Background: Cellular alloreactivity is prevalent in patients prior to transplantation. A previous retrospective study showed that high cellular alloreactivity to a panel of third party (3P) allostimulators (high PRT) correlated with acute cellular rejection (ACR). However, not all patients with high PRT developed ACR. In this study, we show that frequency of CD8⁺CD28^–NKG2D⁺ memory T cells can help predict ACR in these highly sensitized patients.

Method: We prospectively studied 63 kidney transplant recipients (Cohort#1). We tested PBMC against donor and a panel of 3P HLA allogeneic B cell stimulators by IFNΓ-ELISPOT assays (PRT assay)at the time of transplantation. The panel was then validated in a new seperate cohort (Cohort#2) and flow cytometry was also performed to quantitate CD8⁺CD28^–NKG2D⁺ and CD8⁺CD28⁺NKG2D^– T cells (n=33)

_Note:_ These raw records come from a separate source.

lemma card_frac_less_ge:
  fixes \<beta> s :: real and M :: nat
  assumes "0 < s" and "s \<le> 1" and "M \<ge> 1"
  shows "nat \<lfloor>real M * s\<rfloor> \<le> card {g \<in> {..<M}. frac (real g / M - \<beta>) < s}"
proof -
  define L where "L = nat \<lfloor>real M * s\<rfloor>"
  define j0 where "j0 = \<lceil>real M * \<beta>\<rceil>"
  define f where "f j = nat ((j0 + int j) mod int M)" for j :: nat
  have M_pos: "real M > 0" using assms by simp
  have "real M * s \<le> real M" using assms by (simp add: mult_left_le)
  then have "\<lfloor>real M * s\<rfloor> \<le> int M" by (metis floor_mono floor_of_nat)
  then have "inj_on f {..<L}" unfolding f_def L_def by (intro inj_on_shifted_mod) simp
  then have "L = card (f ` {..<L})" by (simp add: card_image)
  moreover have "f ` {..<L} \<subseteq> {g \<in> {..<M}. frac (real g / M - \<beta>) < s}"
  proof
    fix g assume "g \<in> f ` {..<L}"
    then obtain j where j: "j < L" and g: "g = f j" by blast
    define z where "z = j0 + int j"
    have g_z: "int g = z mod int M" unfolding g f_def z_def using M_pos by simp
    then have "g < M" using M_pos by (metis of_nat_0_less_iff of_nat_less_iff pos_mod_bound)
    have "real M * \<beta> \<le> real_of_int z" and "real_of_int z < real M * \<beta> + real M * s"
      using j assms unfolding z_def j0_def L_def by linarith+
    then have z_lo: "0 \<le> real_of_int z / M - \<beta>" and z_hi: "real_of_int z / M - \<beta> < s"
      using M_pos by (simp_all add: field_simps)
    have "z = int M * (z div int M) + int g" using g_z by simp
    then have "real_of_int z = real M * real_of_int (z div int M) + real g"
      by (metis of_int_add of_int_mult of_int_of_nat_eq)
    then have "real g / M - \<beta> - (real_of_int z / M - \<beta>) = of_int (- (z div int M))"
      using M_pos by (simp add: field_simps)
    then have "frac (real g / M - \<beta>) = real_of_int z / M - \<beta>"
      unfolding frac_unique_iff using z_lo z_hi assms(2) by (metis Ints_of_int order.strict_trans2)
    then show "g \<in> {g \<in> {..<M}. frac (real g / M - \<beta>) < s}"
      using \<open>g < M\<close> z_hi by simp
  qed
  moreover have "finite {g \<in> {..<M}. frac (real g / M - \<beta>) < s}" by simp
  ultimately show ?thesis unfolding L_def[symmetric] using card_mono by (metis (no_types))
qed

lemma frac_diff_near_int:
  assumes "frac x < s" and "frac y < s"
  shows "\<exists>p::int. \<bar>(x - y) - of_int p\<bar> < s"
proof
  have "(x - y) - of_int (\<lfloor>x\<rfloor> - \<lfloor>y\<rfloor>) = frac x - frac y" by (simp add: frac_def)
  then show "\<bar>(x - y) - of_int (\<lfloor>x\<rfloor> - \<lfloor>y\<rfloor>)\<bar> < s"
    using assms frac_ge_0[of x] frac_ge_0[of y] unfolding abs_less_iff by linarith
qed

lemma overlap_of_card_sum_gt:
  fixes T :: "nat \<Rightarrow> 'a set" and K :: nat
  assumes "finite U" and "\<forall>k\<le>K. T k \<subseteq> U" and "card U < (\<Sum>k\<le>K. card (T k))"
  shows "\<exists>k k'. k < k' \<and> k' \<le> K \<and> T k \<inter> T k' \<noteq> {}"
proof (rule ccontr)
  assume "\<not> ?thesis"
  then have disj: "T k \<inter> T k' = {}" if "k < k'" "k' \<le> K" for k k' using that by blast
  have "T k \<inter> T k' = {}" if "k \<le> K" "k' \<le> K" "k \<noteq> k'" for k k'
    using that disj[of k k'] disj[of k' k] by (cases "k < k'") (auto simp: Int_commute)
  moreover have "finite (T k)" if "k \<le> K" for k using assms(1,2) that finite_subset by blast
  ultimately have "(\<Sum>k\<le>K. card (T k)) = card (\<Union>k\<le>K. T k)"
    by (intro card_UN_disjoint[symmetric]) auto
  also have "\<dots> \<le> card U" using assms(1,2) by (intro card_mono) auto
  finally show False using assms(3) by simp
qed
lemma len_comp_simple_neg:
  assumes ss: "set ss \<subseteq> Sim" and \<alpha>: "\<alpha> \<in> Sim" and neg: "c \<bullet> refl_word ss \<alpha> < 0"
  shows "len (refl_word ss \<circ> root_refl \<alpha>) + 1 = len (refl_word ss)"
proof -
  have \<alpha>0: "\<alpha> \<noteq> 0" using \<alpha> simple_root_root root_nonzero by blast
  obtain rs where rs: "set rs \<subseteq> Sim" "length rs = len (refl_word ss)" "refl_word rs = refl_word ss"
    using reduced_word_exists[OF ss] .
  then obtain ts where ts: "set ts \<subseteq> Sim" "length rs = Suc (length ts)"
      "refl_word ts = refl_word ss \<circ> root_refl \<alpha>"
    using refl_word_deletion[OF rs(1) \<alpha>] neg by auto
  have "len (refl_word ss \<circ> root_refl \<alpha>) + 1 \<le> len (refl_word ss)"
    using len_refl_word_le[OF ts(1)] ts rs by simp
  moreover obtain us where us: "set us \<subseteq> Sim" "length us = len (refl_word ss \<circ> root_refl \<alpha>)"
      "refl_word us = refl_word ss \<circ> root_refl \<alpha>"
    using reduced_word_exists[OF ts(1)] ts(3) by metis
  have "refl_word (us @ [\<alpha>]) = refl_word ss"
    by (simp add: refl_word_append us(3) fun_eq_iff \<alpha>0)
  then have "len (refl_word ss) \<le> len (refl_word ss \<circ> root_refl \<alpha>) + 1"
    using len_refl_word_le[of "us @ [\<alpha>]"] us \<alpha> by simp
  ultimately show ?thesis by simp
qed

Results: For Cohort#1, mean age was 50.3±13.2, 41.3% female, 30.2% AA. We found a significant correlation between 3P alloreactivity and anti-donor alloreactivity (R2=0.46, P=0.006). Percent reactivity to the panel was higher in patients with subsequent ACR than in those without rejection (44±20% vs 19±23%, p=0.002) High PRT (defined as >33% reactivity to the panel) was significantly higher in patients with ACR than in those with no ACR (23.1% vs 2.8%, p<0.018). However, the majority of patients with high PRT (20/27, 71%) did not develop ACR. In cohort#2, we found that the pretransplant frequencies of CD8⁺CD28^–NKG2D⁺ memory T cells were significantly higher in rejectors with high PRT(4/10) vs non-rejectors with high PRT(6/10) further differentiating those at high risk for ACR (507±157 vs 106±68 Tcells/10⁴ PBMCs, p=0.04).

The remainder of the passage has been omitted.